▸ **RECORDS TO USE**:
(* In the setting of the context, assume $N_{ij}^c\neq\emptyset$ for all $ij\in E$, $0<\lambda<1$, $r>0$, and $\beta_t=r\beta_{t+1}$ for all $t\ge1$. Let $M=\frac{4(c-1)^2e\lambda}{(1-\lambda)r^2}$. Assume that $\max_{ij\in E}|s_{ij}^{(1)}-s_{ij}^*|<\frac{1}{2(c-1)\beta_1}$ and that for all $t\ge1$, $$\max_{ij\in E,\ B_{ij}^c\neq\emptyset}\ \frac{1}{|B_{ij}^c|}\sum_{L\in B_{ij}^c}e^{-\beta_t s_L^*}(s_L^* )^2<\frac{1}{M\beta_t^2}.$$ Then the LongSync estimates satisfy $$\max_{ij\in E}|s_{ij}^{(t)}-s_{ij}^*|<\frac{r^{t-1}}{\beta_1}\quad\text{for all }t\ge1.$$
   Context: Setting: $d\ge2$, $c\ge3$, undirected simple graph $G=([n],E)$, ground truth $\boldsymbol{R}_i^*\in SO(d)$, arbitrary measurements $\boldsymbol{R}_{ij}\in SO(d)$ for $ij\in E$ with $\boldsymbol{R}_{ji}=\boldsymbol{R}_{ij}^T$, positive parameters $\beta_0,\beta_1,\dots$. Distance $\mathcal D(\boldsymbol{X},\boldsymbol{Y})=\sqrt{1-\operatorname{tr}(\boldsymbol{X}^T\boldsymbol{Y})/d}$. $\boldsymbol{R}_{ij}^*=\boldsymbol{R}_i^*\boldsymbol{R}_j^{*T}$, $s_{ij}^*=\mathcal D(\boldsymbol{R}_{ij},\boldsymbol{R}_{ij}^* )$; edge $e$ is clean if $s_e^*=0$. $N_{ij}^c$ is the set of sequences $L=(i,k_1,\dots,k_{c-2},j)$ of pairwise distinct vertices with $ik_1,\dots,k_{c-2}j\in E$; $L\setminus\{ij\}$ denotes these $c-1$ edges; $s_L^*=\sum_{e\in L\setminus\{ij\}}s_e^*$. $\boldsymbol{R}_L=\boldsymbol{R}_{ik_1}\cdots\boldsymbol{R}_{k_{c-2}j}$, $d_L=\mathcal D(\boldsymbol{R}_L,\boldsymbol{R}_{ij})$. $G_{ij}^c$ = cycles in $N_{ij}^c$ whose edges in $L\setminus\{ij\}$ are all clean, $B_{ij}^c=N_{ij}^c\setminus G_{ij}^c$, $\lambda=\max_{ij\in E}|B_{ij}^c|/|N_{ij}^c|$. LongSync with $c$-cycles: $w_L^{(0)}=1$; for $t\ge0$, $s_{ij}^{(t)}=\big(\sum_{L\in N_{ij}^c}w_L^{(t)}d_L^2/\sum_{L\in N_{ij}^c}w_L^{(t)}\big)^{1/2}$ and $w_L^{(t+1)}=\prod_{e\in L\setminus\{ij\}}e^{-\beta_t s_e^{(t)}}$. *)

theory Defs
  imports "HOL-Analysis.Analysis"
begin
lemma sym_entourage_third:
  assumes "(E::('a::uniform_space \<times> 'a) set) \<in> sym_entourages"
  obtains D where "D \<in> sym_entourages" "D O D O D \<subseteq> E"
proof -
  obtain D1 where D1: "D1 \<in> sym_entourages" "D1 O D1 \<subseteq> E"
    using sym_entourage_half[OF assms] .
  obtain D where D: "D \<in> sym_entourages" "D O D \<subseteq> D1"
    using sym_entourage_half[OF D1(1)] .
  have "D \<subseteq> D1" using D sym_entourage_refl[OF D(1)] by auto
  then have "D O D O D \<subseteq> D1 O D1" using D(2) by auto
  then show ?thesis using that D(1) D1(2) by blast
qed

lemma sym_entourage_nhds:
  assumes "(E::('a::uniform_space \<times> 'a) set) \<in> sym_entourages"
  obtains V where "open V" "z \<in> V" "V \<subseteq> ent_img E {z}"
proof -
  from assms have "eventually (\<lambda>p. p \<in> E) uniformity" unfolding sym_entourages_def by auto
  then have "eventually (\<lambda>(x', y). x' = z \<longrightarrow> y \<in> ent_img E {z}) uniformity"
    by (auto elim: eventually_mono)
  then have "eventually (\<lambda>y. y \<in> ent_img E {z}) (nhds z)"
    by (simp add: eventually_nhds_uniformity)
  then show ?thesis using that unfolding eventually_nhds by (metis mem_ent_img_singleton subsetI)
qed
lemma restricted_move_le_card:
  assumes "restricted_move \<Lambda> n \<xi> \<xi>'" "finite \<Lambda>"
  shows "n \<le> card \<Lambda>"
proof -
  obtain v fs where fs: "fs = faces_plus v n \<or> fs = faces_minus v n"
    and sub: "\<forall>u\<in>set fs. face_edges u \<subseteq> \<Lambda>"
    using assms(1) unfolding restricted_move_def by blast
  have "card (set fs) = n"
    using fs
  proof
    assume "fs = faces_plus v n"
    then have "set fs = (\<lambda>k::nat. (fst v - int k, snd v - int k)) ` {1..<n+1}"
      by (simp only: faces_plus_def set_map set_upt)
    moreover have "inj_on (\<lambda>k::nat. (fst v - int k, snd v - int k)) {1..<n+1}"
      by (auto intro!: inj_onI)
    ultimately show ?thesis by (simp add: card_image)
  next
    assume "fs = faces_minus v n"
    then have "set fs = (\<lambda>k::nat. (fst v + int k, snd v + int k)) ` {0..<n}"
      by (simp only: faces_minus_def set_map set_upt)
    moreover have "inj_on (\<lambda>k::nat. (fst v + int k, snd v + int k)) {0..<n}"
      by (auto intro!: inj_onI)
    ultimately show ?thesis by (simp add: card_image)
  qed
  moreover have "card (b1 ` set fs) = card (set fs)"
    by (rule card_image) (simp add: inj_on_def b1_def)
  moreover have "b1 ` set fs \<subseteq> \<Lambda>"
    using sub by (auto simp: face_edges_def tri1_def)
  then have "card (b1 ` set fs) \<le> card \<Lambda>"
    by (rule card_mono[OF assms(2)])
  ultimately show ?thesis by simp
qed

---

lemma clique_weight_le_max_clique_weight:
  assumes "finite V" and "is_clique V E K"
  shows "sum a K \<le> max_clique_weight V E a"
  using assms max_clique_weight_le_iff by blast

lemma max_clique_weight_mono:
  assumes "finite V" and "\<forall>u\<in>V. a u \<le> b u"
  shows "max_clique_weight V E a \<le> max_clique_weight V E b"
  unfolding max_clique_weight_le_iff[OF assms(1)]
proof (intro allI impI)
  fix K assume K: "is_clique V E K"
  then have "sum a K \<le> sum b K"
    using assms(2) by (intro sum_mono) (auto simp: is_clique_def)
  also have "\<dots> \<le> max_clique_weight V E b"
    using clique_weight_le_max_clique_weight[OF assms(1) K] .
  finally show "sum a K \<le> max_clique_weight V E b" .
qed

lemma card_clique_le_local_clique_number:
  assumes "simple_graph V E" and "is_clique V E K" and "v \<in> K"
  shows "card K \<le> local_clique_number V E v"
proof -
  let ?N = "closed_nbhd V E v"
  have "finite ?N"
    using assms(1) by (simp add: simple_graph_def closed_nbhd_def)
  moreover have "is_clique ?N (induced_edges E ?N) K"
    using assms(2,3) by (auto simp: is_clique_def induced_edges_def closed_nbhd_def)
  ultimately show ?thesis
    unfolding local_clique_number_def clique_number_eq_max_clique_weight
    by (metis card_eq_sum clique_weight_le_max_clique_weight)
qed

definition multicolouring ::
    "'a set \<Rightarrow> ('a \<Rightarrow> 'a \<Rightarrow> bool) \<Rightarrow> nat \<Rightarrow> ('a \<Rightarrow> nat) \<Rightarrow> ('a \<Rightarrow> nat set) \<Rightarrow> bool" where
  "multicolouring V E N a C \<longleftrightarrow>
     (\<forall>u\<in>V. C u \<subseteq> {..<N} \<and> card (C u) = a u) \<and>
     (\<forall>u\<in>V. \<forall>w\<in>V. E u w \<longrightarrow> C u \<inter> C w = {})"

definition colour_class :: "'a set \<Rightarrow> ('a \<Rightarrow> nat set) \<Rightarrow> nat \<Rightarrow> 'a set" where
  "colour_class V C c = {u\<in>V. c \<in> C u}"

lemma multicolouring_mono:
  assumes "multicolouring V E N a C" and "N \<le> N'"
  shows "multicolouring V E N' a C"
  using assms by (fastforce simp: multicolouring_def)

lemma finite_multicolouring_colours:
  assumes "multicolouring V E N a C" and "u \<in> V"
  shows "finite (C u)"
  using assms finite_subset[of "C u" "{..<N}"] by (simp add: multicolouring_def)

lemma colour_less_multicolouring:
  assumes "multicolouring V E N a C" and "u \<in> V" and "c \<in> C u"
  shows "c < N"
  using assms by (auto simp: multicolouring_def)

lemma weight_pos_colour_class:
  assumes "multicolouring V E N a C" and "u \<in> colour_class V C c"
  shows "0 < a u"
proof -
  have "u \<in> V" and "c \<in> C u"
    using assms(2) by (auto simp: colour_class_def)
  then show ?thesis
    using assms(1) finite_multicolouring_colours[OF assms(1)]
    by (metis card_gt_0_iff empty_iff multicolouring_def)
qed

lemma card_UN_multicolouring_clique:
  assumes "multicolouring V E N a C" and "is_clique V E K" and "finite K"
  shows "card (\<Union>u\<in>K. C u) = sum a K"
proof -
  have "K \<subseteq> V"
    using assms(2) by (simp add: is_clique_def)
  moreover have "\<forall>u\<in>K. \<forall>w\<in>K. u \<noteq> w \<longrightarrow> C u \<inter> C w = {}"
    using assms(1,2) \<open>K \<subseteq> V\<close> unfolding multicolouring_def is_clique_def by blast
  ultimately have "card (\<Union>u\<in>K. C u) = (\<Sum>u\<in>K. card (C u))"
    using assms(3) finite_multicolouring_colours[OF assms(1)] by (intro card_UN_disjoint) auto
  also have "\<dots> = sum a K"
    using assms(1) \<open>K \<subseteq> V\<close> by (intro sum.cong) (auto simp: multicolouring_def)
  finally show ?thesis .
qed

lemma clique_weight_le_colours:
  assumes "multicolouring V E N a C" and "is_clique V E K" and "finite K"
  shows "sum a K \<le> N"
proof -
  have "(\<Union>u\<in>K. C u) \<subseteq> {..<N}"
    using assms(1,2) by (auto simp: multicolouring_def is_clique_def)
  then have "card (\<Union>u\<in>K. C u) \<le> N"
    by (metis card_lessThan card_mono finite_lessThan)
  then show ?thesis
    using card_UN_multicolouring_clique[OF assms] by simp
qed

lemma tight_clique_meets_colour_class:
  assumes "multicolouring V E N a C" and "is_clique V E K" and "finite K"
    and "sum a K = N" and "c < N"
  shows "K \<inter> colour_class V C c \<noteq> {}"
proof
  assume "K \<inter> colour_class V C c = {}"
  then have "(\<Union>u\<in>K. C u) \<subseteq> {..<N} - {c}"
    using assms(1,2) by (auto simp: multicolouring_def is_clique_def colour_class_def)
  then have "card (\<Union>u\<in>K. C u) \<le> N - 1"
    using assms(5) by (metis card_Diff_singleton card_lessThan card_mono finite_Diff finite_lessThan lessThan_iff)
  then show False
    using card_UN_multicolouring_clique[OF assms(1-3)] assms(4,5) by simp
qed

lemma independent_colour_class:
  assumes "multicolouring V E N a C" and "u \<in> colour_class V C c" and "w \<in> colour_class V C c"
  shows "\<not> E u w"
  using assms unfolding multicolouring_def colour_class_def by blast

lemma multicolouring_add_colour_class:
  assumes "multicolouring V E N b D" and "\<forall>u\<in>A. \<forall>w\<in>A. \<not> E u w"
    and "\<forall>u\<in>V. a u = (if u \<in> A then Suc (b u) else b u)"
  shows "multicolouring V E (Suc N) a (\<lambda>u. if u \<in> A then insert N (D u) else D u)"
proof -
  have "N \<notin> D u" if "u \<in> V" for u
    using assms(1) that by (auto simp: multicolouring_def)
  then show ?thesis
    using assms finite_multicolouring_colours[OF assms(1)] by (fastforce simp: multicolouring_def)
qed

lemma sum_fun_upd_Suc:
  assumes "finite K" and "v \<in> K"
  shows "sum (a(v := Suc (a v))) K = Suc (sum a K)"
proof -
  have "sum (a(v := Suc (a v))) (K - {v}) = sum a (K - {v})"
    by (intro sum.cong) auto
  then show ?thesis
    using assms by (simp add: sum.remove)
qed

--

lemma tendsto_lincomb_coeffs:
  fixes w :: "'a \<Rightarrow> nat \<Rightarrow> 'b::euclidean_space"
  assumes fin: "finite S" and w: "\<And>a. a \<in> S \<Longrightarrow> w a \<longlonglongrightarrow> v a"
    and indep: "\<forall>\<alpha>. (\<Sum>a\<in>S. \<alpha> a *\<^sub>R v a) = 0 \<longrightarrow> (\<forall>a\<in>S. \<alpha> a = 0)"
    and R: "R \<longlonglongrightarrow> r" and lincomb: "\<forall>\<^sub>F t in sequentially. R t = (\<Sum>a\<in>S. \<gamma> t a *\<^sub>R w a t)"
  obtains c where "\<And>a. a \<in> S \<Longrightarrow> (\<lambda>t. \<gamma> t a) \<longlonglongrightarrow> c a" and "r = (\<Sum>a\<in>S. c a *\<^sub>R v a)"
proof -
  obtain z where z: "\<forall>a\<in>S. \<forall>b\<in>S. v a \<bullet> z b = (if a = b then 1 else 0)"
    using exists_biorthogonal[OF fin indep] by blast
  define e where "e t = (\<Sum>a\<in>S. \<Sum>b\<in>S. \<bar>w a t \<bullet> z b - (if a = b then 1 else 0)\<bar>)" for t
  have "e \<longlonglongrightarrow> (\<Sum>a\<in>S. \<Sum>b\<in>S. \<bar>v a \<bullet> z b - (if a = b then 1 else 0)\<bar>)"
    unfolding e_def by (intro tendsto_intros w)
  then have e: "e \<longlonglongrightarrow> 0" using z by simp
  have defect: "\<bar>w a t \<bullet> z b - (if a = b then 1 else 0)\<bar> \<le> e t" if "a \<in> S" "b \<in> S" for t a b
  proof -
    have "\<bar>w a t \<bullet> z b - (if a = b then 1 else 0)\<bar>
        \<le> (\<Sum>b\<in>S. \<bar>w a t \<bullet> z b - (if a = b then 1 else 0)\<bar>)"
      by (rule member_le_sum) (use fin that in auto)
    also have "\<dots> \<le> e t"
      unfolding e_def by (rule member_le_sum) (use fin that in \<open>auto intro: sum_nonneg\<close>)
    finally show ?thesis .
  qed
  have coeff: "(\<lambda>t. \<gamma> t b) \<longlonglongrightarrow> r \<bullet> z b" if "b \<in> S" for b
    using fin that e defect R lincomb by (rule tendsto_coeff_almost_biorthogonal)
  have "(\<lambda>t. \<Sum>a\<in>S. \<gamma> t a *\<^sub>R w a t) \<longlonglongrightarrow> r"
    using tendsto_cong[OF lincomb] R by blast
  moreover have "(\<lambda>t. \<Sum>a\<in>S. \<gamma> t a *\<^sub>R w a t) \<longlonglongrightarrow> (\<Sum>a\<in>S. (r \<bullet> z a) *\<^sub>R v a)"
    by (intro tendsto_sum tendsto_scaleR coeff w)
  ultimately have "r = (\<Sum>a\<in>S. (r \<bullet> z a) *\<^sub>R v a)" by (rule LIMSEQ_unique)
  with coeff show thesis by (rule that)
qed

▸ **WHAT IS REQUIRED**: Collect the complete line wherever the string "only" appears in the records.

▸ **COMPLETED TASK**:
      by (simp only: faces_plus_def set_map set_upt)
      by (simp only: faces_minus_def set_map set_upt)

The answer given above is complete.